As the accountable care organization (ACO) phenomenon evolves forward, new, innovative organizations and arrangements are emerging every day now. One organization that defies easy categorization is the Southfield, Michigan-based Prime Accountable Care organization. As the organization’s website describes it, “Prime Accountable Care, LLC is a physician-owned company with the sole purpose of operating as an accountable care organization (ACO). Our corporate office is located in Southfield, Michigan and we serve communities all across metro Detroit including Downriver, Dearborn, and Southfield. We also cover a large portion of Mid-Michigan, including: Flint, Saginaw, the Bay Region, and stretches into parts the Thumb and Northern Michigan. Prime Accountable Care, LLC was established on the same principle as an ACO, to improve health care delivery through higher quality of care and lower cost.” The organization’s website goes on to note that “Prime Accountable Care, LLC is unique in the sense that we are a single Tax Identification ACO with a focus on primary care providers. There is great synergy between the Medicare Shared Savings Program and our objective, which is placing the primary care provider at the hub of delivering care to the patient.”
Recently, three Prime Accountable Care senior executives—Mazhar Jaffry, its COO; Abbas Kermani, its CFO; and Diane Blackburn, executive director of its ACO—spoke with Healthcare Informatics Editor-in-Chief Mark Hagland regarding their organization’s unusual journey forward in ACO development, and what they and their colleagues have been learning so far.
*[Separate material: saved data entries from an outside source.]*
(* Let $X$ be a random vector with values in $\mathcal{X}\subset\mathbb{R}^d$ whose distribution has a density $f$ with respect to Lebesgue measure $Leb$. Assume that $f$ is bounded ($\|f\|_\infty<\infty$) and that $\mathbb{P}\{f(X)=c\}=0$ for all $c\ge 0$. Define, for $t>0$, $$\textsc{EM}^*(t)=\max_{\Omega\ \text{Borel}}\big\{\mathbb{P}(X\in\Omega)-t\,Leb(\Omega)\big\},\qquad \lambda(t)=Leb(\{x\in\mathcal{X}: f(x)\ge t\}).$$ Then $\textsc{EM}^*$ is differentiable on $(0,\infty)$ with $\textsc{EM}^{*\prime}(t)=-\lambda(t)$ for all $t>0$. Moreover, since $t\mapsto\lambda(t)$ is decreasing, $\textsc{EM}^*$ is convex.
   Context: $Leb$ denotes Lebesgue measure on $\mathbb{R}^d$. *)

theory Defs
  imports "HOL-Probability.Probability"
begin

text \<open>Sets of infinite Lebesgue measure give value minus infinity and are irrelevant
  (the empty set gives 0), so the supremum is taken over Borel sets of finite
  Lebesgue measure.\<close>
definition EM_star :: "'a measure \<Rightarrow> ('a \<Rightarrow> 'd::euclidean_space) \<Rightarrow> real \<Rightarrow> real" where
  "EM_star M X t =
     (SUP \<Omega> \<in> {\<Omega> \<in> sets borel. emeasure lborel \<Omega> < \<infinity>}.
        measure M (X -` \<Omega> \<inter> space M) - t * measure lborel \<Omega>)"

definition level_volume :: "'d::euclidean_space set \<Rightarrow> ('d \<Rightarrow> real) \<Rightarrow> real \<Rightarrow> real" where
  "level_volume S f t = measure lborel {x \<in> S. f x \<ge> t}"

end

theory Submission
  imports Defs
begin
Below are excerpts from that interview.
Tell me a bit about the origins of your organization, and your core organizational strategy?
Mazhar Jaffry: There are three types of ACOs in the United States. The first program was the Pioneer ACO Program—32 started in 2011-2012; only eight were in existence in 2016, when the Pioneer program ended. The others went out of business or converted to the MSSP [Medicare Shared Savings Program] program. That’s evolved and has three tracks. Track 1-Plus starts in January 2018, so there will be four. And starting January 1, 2016, they started the Next-Generation ACO Program.
Currently, 560 Medicare ACOs are functional; nearly 480 are MSSP ACOs. More than 60 percent are owned by hospitals; the remaining 30-plus percent are owned by private bodies—one group is existing IPAs or physician organizations already in existence. 80-85 percent of the 40 percent. And the remaining groups were formed and structured just to create an ACO. And Prime ACO falls into that category. It emerged by itself. The organization began to form in March or April 2015, and the approval process took 7-8 months. By January 1, 2016, CMS announced that we were part of it. Prime-aco.com website. There’s a tab for public reporting, which the announcement.
To form the group, the task for any ACO is to show they have 5,000 lives. So we gathered together more than 100 primary care doctors, and seven or eight specialists. The first day, we had 8,5000 lives, and 11,500 assignable beneficiaries in 2016. We’re now at 11,000-plus. And we have more independent primary care physicians. And those are mostly internal medicine and geriatrics, with a few family physicians. No pediatrics or OB/gyn, because Medicare doesn’t cover those. And 70 percent are in internal medicine. So we’ve got 150 providers managing 11,000 patients, in the ACO. And we have around 19,500 assignable beneficiaries, who will be added into the ACO here in Michigan. We’re also differently organized from many ACOs—we cover the metro Detroit area; then the second area is the Flint area; and the third area, comprised of two different parts, Saginaw, and the thumb of Michigan, with smaller towns, where there are three or four doctors here and there. And we’re doing a pilot project with Caro Community Hospital, in the town of Caro.
This is entirely physician-led, then?
Jaffry: Yes. There are 15 fully functional ACOs in Michigan, and nine are owned by the hospitals. The others are owned by physician organizations or physicians. In our case, we structured the ACO first. That’s why our focus is purely on the ACO. And in the future, we will go for participation in Medicaid and in Medicare Advantage plans.
Tell me a bit about the processes you’ve pursued around analytics-driven population health risk management, and around leveraging analytics to assess financial risk issues?